Поражают совпадения между этими преданиями и легендами инков об их великом владыке Тупаке, который приказал построить огромную флотилию парусных бальзовых плотов и почти целый год плавал в Тихом океане. Целью его путешествия были два далеких обитаемых острова; о них Тупак слышал от своих мореходов-торговцев.

Следующим нашим этапом был Рапаити. Он вынырнул, окруженный облаками, из-за горизонта на юго-западе - словно сказочная земля всплыла из пучины. Еще издали, глядя в бинокль, мы обратили внимание на необычный вид некоторых из наиболее высоких вершин острова. Они напоминали заросшие пирамиды Мексики или покинутые инкские крепости в диких горах Перу.

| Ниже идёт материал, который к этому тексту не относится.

lemma sat_config_fm:
  assumes "v (2 * k) < n"
  shows "sat x v (config_fm (length qs) k) \<longleftrightarrow> (\<forall>i<k. sat x v (cell_fm k i)) \<and> v (2 * k) < length qs"
proof -
  have "(\<exists>j\<in>set [0..<length qs]. v (2 * k) = eval_trm n v (TNum j)) \<longleftrightarrow> v (2 * k) < length qs"
    using long_inputD by (auto intro!: bexI[of _ "v (2 * k)"])
  then show ?thesis
    by (auto simp: config_fm_def)
qed

lemma mem_config_tuples_iff:
  "as \<in> config_tuples \<longleftrightarrow> length as = 2 * k + 1 \<and> set as \<subseteq> {..<n} \<and>
     (\<forall>i<k. \<exists>h\<le>Suc n. as ! i = cell_kind n h \<and> as ! (k + i) = cell_offset n h) \<and>
     as ! (2 * k) < length qs"
proof -
  have "sat x (asg as) (config_fm (length qs) k) \<longleftrightarrow>
      (\<forall>i<k. \<exists>h\<le>Suc n. as ! i = cell_kind n h \<and> as ! (k + i) = cell_offset n h) \<and>
      as ! (2 * k) < length qs"
    if len: "length as = 2 * k + 1" and below: "set as \<subseteq> {..<n}"
  proof -
    have "as ! j < n" if "j < 2 * k + 1" for j
      using that len below by (metis lessThan_iff nth_mem subsetD)
    then show ?thesis
      using len by (simp add: sat_config_fm sat_cell_fm)
  qed
  then show ?thesis
    by (auto simp: config_tuples_def)
qed

lemma encode_in_config_tuples:
  assumes "c \<in> configs M x"
  shows "encode c \<in> config_tuples"
proof -
  obtain q p where qp: "c = (q, p)" and len: "length p = k" and le: "\<forall>h\<in>set p. h \<le> Suc n"
    using assms by (cases c) (auto simp: configs_def)
  have "cell_kind n h < n" "cell_offset n h < n" for h
    using long_inputD by (auto simp: cell_kind_def cell_offset_def)
  then have "set (encode c) \<subseteq> {..<n}"
    by (auto simp: qp encode_config_def)
  moreover have "\<exists>h\<le>Suc n. encode c ! i = cell_kind n h \<and> encode c ! (k + i) = cell_offset n h"
    if "i < k" for i
    using that len le by (intro exI[of _ "p ! i"]) (simp add: qp nth_encode_config)
  ultimately show ?thesis
    using len by (simp add: mem_config_tuples_iff qp nth_encode_config_state)
qed

abbreviation "decode \<equiv> decode_config qs n k"

lemma decode_in_configs:
  assumes "as \<in> config_tuples"
  shows "decode as \<in> configs M x"
proof -
  have "cell_position n (as ! i) (as ! (k + i)) \<le> Suc n" if "i < k" for i
    using assms that by (auto simp: mem_config_tuples_iff cell_position_kind_offset)
  then show ?thesis
    by (auto simp: configs_def decode_config_def)
qed

lemma decode_encode:
  assumes "c \<in> configs M x"
  shows "decode (encode c) = c"
proof -
  obtain q p where qp: "c = (q, p)" and "length p = k" and "\<forall>h\<in>set p. h \<le> Suc n"
    using assms by (cases c) (auto simp: configs_def)
  then have "map (\<lambda>i. cell_position n (encode c ! i) (encode c ! (k + i))) [0..<k] = p"
    by (auto intro: nth_equalityI simp: qp nth_encode_config cell_position_kind_offset)
  then show ?thesis
    using \<open>length p = k\<close> by (simp add: decode_config_def qp nth_encode_config_state)
qed

lemma encode_decode:
  assumes "as \<in> config_tuples"
  shows "encode (decode as) = as"
proof -
  have "cell_kind n (cell_position n (as ! i) (as ! (k + i))) = as ! i"
    "cell_offset n (cell_position n (as ! i) (as ! (k + i))) = as ! (k + i)" if "i < k" for i
    using assms that by (auto simp: mem_config_tuples_iff cell_position_kind_offset)
  then show ?thesis
    using assms unfolding decode_config_def
    by (intro encode_config_eqI[symmetric]) (auto simp: mem_config_tuples_iff)
qed

lemma bij_betw_encode: "bij_betw encode (configs M x) config_tuples"
  by (rule bij_betw_byWitness[where f' = decode])
    (use decode_encode encode_decode encode_in_config_tuples decode_in_configs in blast)+

end

section \<open>The edge formula\<close>

fun reads_fm :: "nat \<Rightarrow> 'a tsym \<Rightarrow> nat \<Rightarrow> 'a fm" where
  "reads_fm k LEnd i = FEq (TVar i) (TNum 1)"
| "reads_fm k REnd i = FEq (TVar i) (TNum 2)"
| "reads_fm k (Sym \<sigma>) i = FConj (FEq (TVar i) TMin) (FPred \<sigma> (TVar (k + i)))"
(* For all $[M],[N]\in\mathrm{Iso}(Q)$, $\Delta([M]\cdot[N])=\Delta([M])\,\Delta([N])$ in $\mathbf H_Q\otimes\mathbf H_Q$. Consequently $\mathbf H_Q$ is a graded, connected, cocommutative bialgebra (hence Hopf algebra).
   Context: Let $Q$ be a quiver and $\mathrm{Rep}(Q,\mathbb{F}_1)$ the category of representations $(V_i,f_h)$ over $\mathbb{F}_1$ (each $V_i$ a finite pointed set, each $f_h:V_{h'}\to V_{h''}$ a pointed map injective off the preimage of the base point); subrepresentations are families of subsets containing the base points and stable under edge maps; quotients collapse the subrepresentation to the base points; direct sums are vertexwise with $V\oplus W=V\sqcup W$ with base points identified. Let $\mathrm{Iso}(Q)$ be the set of isomorphism classes, each with a fixed representative. $\mathbf H_Q$ is the $\mathbb C$-vector space of finitely supported functions $\mathrm{Iso}(Q)\to\mathbb C$, with basis of delta functions $[M]$, product $(f\cdot g)(M)=\sum_{L\subset M}f(M/L)g(L)$ (sum over subrepresentations $L$ of the representative $M$), graded by dimension vector, and coproduct $\Delta(f)([M],[N])=f([M\oplus N])$, i.e. $\Delta([M])=\sum_{(A,B):A\oplus B\cong M}[A]\otimes[B]$. The same definitions apply with $\mathrm{Rep}(Q,\mathbb{F}_1)$ replaced by its full subcategory of nilpotent representations. *)

theory Defs
  imports Complex_Main
begin

text \<open>A quiver Q is given by a finite type of vertices 'v, a (finite) set E of arrows
  and source and target maps s t :: 'e => 'v.
  A representation over F1 is encoded as a pair (V, f): V i is the finite pointed set at
  vertex i, whose base point is the natural number 0; f h is the pointed map
  V (s h) -> V (t h), extended by 0 outside V (s h).\<close>

type_synonym ('v,'e) rep = "('v \<Rightarrow> nat set) \<times> ('e \<Rightarrow> nat \<Rightarrow> nat)"

definition is_rep :: "'e set \<Rightarrow> ('e \<Rightarrow> 'v) \<Rightarrow> ('e \<Rightarrow> 'v) \<Rightarrow> ('v,'e) rep \<Rightarrow> bool" where
  "is_rep E s t M \<longleftrightarrow>
     (\<forall>i. finite (fst M i) \<and> 0 \<in> fst M i) \<and>
     (\<forall>h. h \<notin> E \<longrightarrow> snd M h = (\<lambda>x. 0)) \<and>
     (\<forall>h\<in>E. snd M h 0 = 0 \<and> snd M h ` fst M (s h) \<subseteq> fst M (t h) \<and>
          inj_on (snd M h) {x \<in> fst M (s h). snd M h x \<noteq> 0} \<and>
          (\<forall>x. x \<notin> fst M (s h) \<longrightarrow> snd M h x = 0))"

definition rep_iso :: "'e set \<Rightarrow> ('e \<Rightarrow> 'v) \<Rightarrow> ('e \<Rightarrow> 'v) \<Rightarrow> ('v,'e) rep \<Rightarrow> ('v,'e) rep \<Rightarrow> bool" where
  "rep_iso E s t M N \<longleftrightarrow> is_rep E s t M \<and> is_rep E s t N \<and>
     (\<exists>\<phi> :: 'v \<Rightarrow> nat \<Rightarrow> nat.
        (\<forall>i. bij_betw (\<phi> i) (fst M i) (fst N i) \<and> \<phi> i 0 = 0) \<and>
        (\<forall>h\<in>E. \<forall>x\<in>fst M (s h). \<phi> (t h) (snd M h x) = snd N h (\<phi> (s h) x)))"

definition canon :: "'e set \<Rightarrow> ('e \<Rightarrow> 'v) \<Rightarrow> ('e \<Rightarrow> 'v) \<Rightarrow> ('v,'e) rep \<Rightarrow> ('v,'e) rep" where
  "canon E s t M = (SOME N. rep_iso E s t M N)"

text \<open>Iso(Q), as the set of fixed representatives.\<close>
definition IsoQ :: "'e set \<Rightarrow> ('e \<Rightarrow> 'v) \<Rightarrow> ('e \<Rightarrow> 'v) \<Rightarrow> ('v,'e) rep set" where
  "IsoQ E s t = {canon E s t M | M. is_rep E s t M}"

definition subreps :: "'e set \<Rightarrow> ('e \<Rightarrow> 'v) \<Rightarrow> ('e \<Rightarrow> 'v) \<Rightarrow> ('v,'e) rep \<Rightarrow> ('v \<Rightarrow> nat set) set" where
  "subreps E s t M = {L. (\<forall>i. 0 \<in> L i \<and> L i \<subseteq> fst M i) \<and> (\<forall>h\<in>E. snd M h ` L (s h) \<subseteq> L (t h))}"

definition subrep :: "('e \<Rightarrow> 'v) \<Rightarrow> ('v,'e) rep \<Rightarrow> ('v \<Rightarrow> nat set) \<Rightarrow> ('v,'e) rep" where
  "subrep s M L = (L, \<lambda>h x. if x \<in> L (s h) then snd M h x else 0)"

definition quot :: "'e set \<Rightarrow> ('e \<Rightarrow> 'v) \<Rightarrow> ('e \<Rightarrow> 'v) \<Rightarrow> ('v,'e) rep \<Rightarrow> ('v \<Rightarrow> nat set) \<Rightarrow> ('v,'e) rep" where
  "quot E s t M L = (\<lambda>i. (fst M i - L i) \<union> {0},
     \<lambda>h x. if x \<in> fst M (s h) - L (s h) \<and> snd M h x \<notin> L (t h) then snd M h x else 0)"

text \<open>Direct sum: disjoint union with base points identified (left summand on even, right on odd numbers).\<close>
definition enc_l :: "nat \<Rightarrow> nat" where "enc_l n = (if n = 0 then 0 else 2 * n)"
definition enc_r :: "nat \<Rightarrow> nat" where "enc_r n = (if n = 0 then 0 else 2 * n - 1)"

definition dsum :: "('v,'e) rep \<Rightarrow> ('v,'e) rep \<Rightarrow> ('v,'e) rep" where
  "dsum M N = (\<lambda>i. enc_l ` fst M i \<union> enc_r ` fst N i,
     \<lambda>h x. if x = 0 then 0 else if even x then enc_l (snd M h (x div 2))
           else enc_r (snd N h ((x + 1) div 2)))"

definition zrep :: "('v,'e) rep" where "zrep = (\<lambda>i. {0}, \<lambda>h x. 0)"

definition dimv :: "('v,'e) rep \<Rightarrow> 'v \<Rightarrow> nat" where
  "dimv M = (\<lambda>i. card (fst M i) - 1)"

text \<open>H_Q: finitely supported functions Iso(Q) -> C (as functions vanishing off Iso(Q)).
  H_Q (x) H_Q and H_Q (x) H_Q (x) H_Q are identified with finitely supported functions on
  Iso(Q)^2 and Iso(Q)^3 via the bases of delta functions.\<close>
definition HQ :: "'e set \<Rightarrow> ('e \<Rightarrow> 'v) \<Rightarrow> ('e \<Rightarrow> 'v) \<Rightarrow> (('v,'e) rep \<Rightarrow> complex) set" where
  "HQ E s t = {f. (\<forall>X. f X \<noteq> 0 \<longrightarrow> X \<in> IsoQ E s t) \<and> finite {X. f X \<noteq> 0}}"

definition HQ2 :: "'e set \<Rightarrow> ('e \<Rightarrow> 'v) \<Rightarrow> ('e \<Rightarrow> 'v) \<Rightarrow> (('v,'e) rep \<times> ('v,'e) rep \<Rightarrow> complex) set" where
  "HQ2 E s t = {F. (\<forall>A B. F (A, B) \<noteq> 0 \<longrightarrow> A \<in> IsoQ E s t \<and> B \<in> IsoQ E s t) \<and> finite {p. F p \<noteq> 0}}"

definition hbasis :: "('v,'e) rep \<Rightarrow> ('v,'e) rep \<Rightarrow> complex" where
  "hbasis M = (\<lambda>X. if X = M then 1 else 0)"

definition hsmult :: "complex \<Rightarrow> ('a \<Rightarrow> complex) \<Rightarrow> 'a \<Rightarrow> complex" where
  "hsmult c f = (\<lambda>X. c * f X)"

definition hmult :: "'e set \<Rightarrow> ('e \<Rightarrow> 'v) \<Rightarrow> ('e \<Rightarrow> 'v) \<Rightarrow> (('v,'e) rep \<Rightarrow> complex) \<Rightarrow> (('v,'e) rep \<Rightarrow> complex)
    \<Rightarrow> ('v,'e) rep \<Rightarrow> complex" where
  "hmult E s t f g = (\<lambda>M. if M \<in> IsoQ E s t then
      (\<Sum>L\<in>subreps E s t M. f (canon E s t (quot E s t M L)) * g (canon E s t (subrep s M L))) else 0)"

text \<open>Product in H_Q (x) H_Q: ([A](x)[B]) ([C](x)[D]) = [A][C] (x) [B][D], extended bilinearly.\<close>
definition hmult2 :: "'e set \<Rightarrow> ('e \<Rightarrow> 'v) \<Rightarrow> ('e \<Rightarrow> 'v)
    \<Rightarrow> (('v,'e) rep \<times> ('v,'e) rep \<Rightarrow> complex) \<Rightarrow> (('v,'e) rep \<times> ('v,'e) rep \<Rightarrow> complex)
    \<Rightarrow> ('v,'e) rep \<times> ('v,'e) rep \<Rightarrow> complex" where
  "hmult2 E s t F G = (\<lambda>(X1, X2). if X1 \<in> IsoQ E s t \<and> X2 \<in> IsoQ E s t then
      (\<Sum>L1\<in>subreps E s t X1. \<Sum>L2\<in>subreps E s t X2.
         F (canon E s t (quot E s t X1 L1), canon E s t (quot E s t X2 L2)) *
         G (canon E s t (subrep s X1 L1), canon E s t (subrep s X2 L2))) else 0)"

definition hcomult :: "'e set \<Rightarrow> ('e \<Rightarrow> 'v) \<Rightarrow> ('e \<Rightarrow> 'v) \<Rightarrow> (('v,'e) rep \<Rightarrow> complex)
    \<Rightarrow> ('v,'e) rep \<times> ('v,'e) rep \<Rightarrow> complex" where
  "hcomult E s t f = (\<lambda>(A, B). if A \<in> IsoQ E s t \<and> B \<in> IsoQ E s t then f (canon E s t (dsum A B)) else 0)"

definition hunit :: "'e set \<Rightarrow> ('e \<Rightarrow> 'v) \<Rightarrow> ('e \<Rightarrow> 'v) \<Rightarrow> ('v,'e) rep \<Rightarrow> complex" where
  "hunit E s t = hbasis (canon E s t zrep)"

definition hcounit :: "'e set \<Rightarrow> ('e \<Rightarrow> 'v) \<Rightarrow> ('e \<Rightarrow> 'v) \<Rightarrow> (('v,'e) rep \<Rightarrow> complex) \<Rightarrow> complex" where
  "hcounit E s t f = f (canon E s t zrep)"

definition Hdeg :: "'e set \<Rightarrow> ('e \<Rightarrow> 'v) \<Rightarrow> ('e \<Rightarrow> 'v) \<Rightarrow> ('v \<Rightarrow> nat) \<Rightarrow> (('v,'e) rep \<Rightarrow> complex) set" where
  "Hdeg E s t d = {f \<in> HQ E s t. \<forall>X. f X \<noteq> 0 \<longrightarrow> dimv X = d}"

text \<open>H_Q with hmult, hunit, hcomult, hcounit is a graded, connected, cocommutative bialgebra.
  (Bilinearity of hmult and linearity of hcomult, hcounit hold by their pointwise definitions.)\<close>
definition graded_connected_cocomm_bialgebra :: "'e set \<Rightarrow> ('e \<Rightarrow> 'v) \<Rightarrow> ('e \<Rightarrow> 'v) \<Rightarrow> bool" where
  "graded_connected_cocomm_bialgebra E s t \<longleftrightarrow>
    \<comment> \<open>associative unital algebra\<close>
    hunit E s t \<in> HQ E s t \<and>
    (\<forall>f\<in>HQ E s t. \<forall>g\<in>HQ E s t. hmult E s t f g \<in> HQ E s t) \<and>
    (\<forall>f\<in>HQ E s t. \<forall>g\<in>HQ E s t. \<forall>h\<in>HQ E s t. hmult E s t (hmult E s t f g) h = hmult E s t f (hmult E s t g h)) \<and>
    (\<forall>f\<in>HQ E s t. hmult E s t (hunit E s t) f = f \<and> hmult E s t f (hunit E s t) = f) \<and>
    \<comment> \<open>coassociative counital cocommutative coalgebra\<close>
    (\<forall>f\<in>HQ E s t. hcomult E s t f \<in> HQ2 E s t) \<and>
    (\<forall>f\<in>HQ E s t. \<forall>A\<in>IsoQ E s t. \<forall>B\<in>IsoQ E s t. \<forall>C\<in>IsoQ E s t.
        hcomult E s t f (canon E s t (dsum A B), C) = hcomult E s t f (A, canon E s t (dsum B C))) \<and>
    (\<forall>f\<in>HQ E s t. \<forall>B. hcomult E s t f (canon E s t zrep, B) = f B \<and> hcomult E s t f (B, canon E s t zrep) = f B) \<and>
    (\<forall>f\<in>HQ E s t. \<forall>A B. hcomult E s t f (A, B) = hcomult E s t f (B, A)) \<and>
    \<comment> \<open>compatibility: comultiplication and counit are algebra maps\<close>
    (\<forall>f\<in>HQ E s t. \<forall>g\<in>HQ E s t. hcomult E s t (hmult E s t f g) = hmult2 E s t (hcomult E s t f) (hcomult E s t g)) \<and>
    (\<forall>A B. hcomult E s t (hunit E s t) (A, B) = hunit E s t A * hunit E s t B) \<and>
    (\<forall>f\<in>HQ E s t. \<forall>g\<in>HQ E s t. hcounit E s t (hmult E s t f g) = hcounit E s t f * hcounit E s t g) \<and>
    hcounit E s t (hunit E s t) = 1 \<and>
    \<comment> \<open>grading by dimension vectors\<close>
    (\<forall>d e. \<forall>f\<in>Hdeg E s t d. \<forall>g\<in>Hdeg E s t e. hmult E s t f g \<in> Hdeg E s t (\<lambda>i. d i + e i)) \<and>
    (\<forall>d. \<forall>f\<in>Hdeg E s t d. \<forall>A B. hcomult E s t f (A, B) \<noteq> 0 \<longrightarrow> (\<lambda>i. dimv A i + dimv B i) = d) \<and>
    \<comment> \<open>connected: degree-0 part is spanned by the unit\<close>
    hunit E s t \<in> Hdeg E s t (\<lambda>i. 0) \<and>
    (\<forall>f\<in>Hdeg E s t (\<lambda>i. 0). \<exists>c. f = hsmult c (hunit E s t))"

definition has_antipode :: "'e set \<Rightarrow> ('e \<Rightarrow> 'v) \<Rightarrow> ('e \<Rightarrow> 'v) \<Rightarrow> bool" where
  "has_antipode E s t \<longleftrightarrow> (\<exists>S. (\<forall>f\<in>HQ E s t. S f \<in> HQ E s t) \<and>
     (\<forall>f\<in>HQ E s t. \<forall>g\<in>HQ E s t. S (\<lambda>X. f X + g X) = (\<lambda>X. S f X + S g X)) \<and>
     (\<forall>c. \<forall>f\<in>HQ E s t. S (hsmult c f) = hsmult c (S f)) \<and>
     (\<forall>f\<in>HQ E s t. \<forall>X.
        (\<Sum>p\<in>{p. hcomult E s t f p \<noteq> 0}.
            hcomult E s t f p * hmult E s t (S (hbasis (fst p))) (hbasis (snd p)) X)
          = hcounit E s t f * hunit E s t X \<and>
        (\<Sum>p\<in>{p. hcomult E s t f p \<noteq> 0}.
            hcomult E s t f p * hmult E s t (hbasis (fst p)) (S (hbasis (snd p))) X)
          = hcounit E s t f * hunit E s t X))"

end

theory Submission
  imports Defs
begin

(* The heart of the theorem is the compatibility Delta([M][N]) = Delta([M]) Delta([N]).  Since the
   coproduct only evaluates at direct sums, it reduces to one structural fact: the subrepresentations
   of A (+) B are exactly the sums L1 (+) L2 of subrepresentations of the summands, and for such
   a sum both the quotient and the subrepresentation split, (A (+) B)/(L1 (+) L2) = A/L1 (+) B/L2. *)

context
  fixes E :: "'e set" and s t :: "'e \<Rightarrow> 'v::finite"
begin

abbreviation "valid \<equiv> is_rep E s t"
abbreviation "isom \<equiv> rep_iso E s t"
abbreviation "cls \<equiv> canon E s t"
abbreviation "Classes \<equiv> IsoQ E s t"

Да, тут есть что исследовать!

Мы стояли на мостике и затаив дыхание следили, как шкипер искусно ведет судно через извилистые трещины в коралловом рифе, преграждающем вход в широкий залив. Во внутренней части острова раскинулась тихая лагуна, окаймленный зазубренными вершинами кратерный водоем. Аннета не сводила восхищенного взора с капитана, а он то и дело передвигал ручку машинного телеграфа: "стоп", "малый вперед", "назад". Судно медленно ползло между кораллами; вдруг Аннета приподнялась на цыпочки и, решительно схватив ручку телеграфа, дернула ее вниз на "полный вперед". "Полный вперед" - отозвались из машинного отделения, и в следующий миг мы врезались бы в риф, если бы капитан мгновенно не перевел ручку в противоположную сторону.

Мы облегченно вздохнули, став на якорь перед живописной деревушкой, обитатели которой не замедлили выйти в крохотных пирогах, чтобы обозреть нас.

... И вот мы на самом высоком гребне хребта. Кончился тяжелый подъем по крутым ущельям и выступам.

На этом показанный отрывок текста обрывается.